How do I secure MCP servers in Claude Code?

Treat every MCP server as a trust boundary. Use servers you wrote or that come from providers you genuinely trust, scope each one to the narrowest data and actions it needs, and never connect a production-credentialed server to an environment running untrusted code. Validate everything a server returns rather than letting the model act on it directly, and keep an inventory of connected servers so a rogue or typosquatted package does not slip in unnoticed.

How is securing Claude Code different from securing GitHub Copilot, Cursor or Codex?

The fundamentals are shared (least privilege, secrets management, human review, dependency scanning), but the surfaces differ. Cursor's headline issue has been Workspace Trust disabled by default; Copilot's has been insecure suggestions and secret leakage at scale; Codex's has been command-injection and supply-chain incidents. Claude Code's distinctive surface is its deep MCP and shell integration. We cover each agent in its own guide: Cursor, GitHub Copilot and OpenAI Codex.

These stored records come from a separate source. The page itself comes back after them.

lemma inner_v_dir_nonneg_if_far_point_below:
  fixes n w :: "real \<times> real"
  assumes t: "0 \<le> t" "t \<le> pi / 2" and "0 \<le> snd n" "n \<bullet> w \<le> 0" "snd w \<le> 1"
    and far: "1 < w \<bullet> u_dir t"
  shows "0 \<le> n \<bullet> v_dir t"
proof (rule ccontr)
  assume "\<not> 0 \<le> n \<bullet> v_dir t"
  then have neg: "0 < - (n \<bullet> v_dir t)"
    by simp
  have s: "0 \<le> sin t" "sin t \<le> 1" and c: "0 \<le> cos t"
    using t by (auto intro!: sin_ge_zero cos_ge_zero)
  have "0 \<le> snd n * cos t"
    using \<open>0 \<le> snd n\<close> c by simp
  then have "0 < fst n * sin t"
    using neg by (simp add: inner_v_dir)
  then have "0 < fst n"
    using s(1) by (simp add: zero_less_mult_iff)
  have "fst n * (w \<bullet> u_dir t) - snd w * - (n \<bullet> v_dir t) = cos t * (n \<bullet> w)"
    unfolding inner_u_dir inner_v_dir by (simp add: inner_prod_def algebra_simps)
  also have "\<dots> \<le> 0"
    using c \<open>n \<bullet> w \<le> 0\<close> by (rule mult_nonneg_nonpos)
  finally have "fst n * (w \<bullet> u_dir t) \<le> snd w * - (n \<bullet> v_dir t)"
    by simp
  also have "\<dots> \<le> 1 * - (n \<bullet> v_dir t)"
    using \<open>snd w \<le> 1\<close> neg by (intro mult_right_mono) auto
  also have "\<dots> \<le> fst n * sin t"
    using \<open>0 \<le> snd n * cos t\<close> by (simp add: inner_v_dir)
  also have "\<dots> \<le> fst n * 1"
    using \<open>0 < fst n\<close> s(2) by (intro mult_left_mono) auto
  finally show False
    using \<open>0 < fst n\<close> far by simp
qed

Do Claude Code's built-in controls replace SAST and code review?

No. Anthropic is clear that permissions, sandboxing, managed settings, monitoring and the security review capability are layers of protection, not a complete security program. The built-in security review is assistive: useful for fast feedback, not a final decision-maker. You still need least-privilege access, secrets management, dependency scanning, secure CI/CD, branch protection, human code review and isolated environments for risky work, plus a control at the prompt so unsafe code is rewritten before it is written rather than caught after.

How do I roll out Claude Code securely across a whole team?

Start from managed settings so security-critical rules cannot be overridden locally, then deploy through a boundary you control (Bedrock, Vertex AI or Foundry) for centralized authentication, audit logs and budgets. Standardize the environment with devcontainers, pipe telemetry into your SIEM, classify repositories by sensitivity with matching policies, and add a prompt-time governance layer like VibeDefend so the same rules reach every developer's agent regardless of how carefully each person configured their own machine.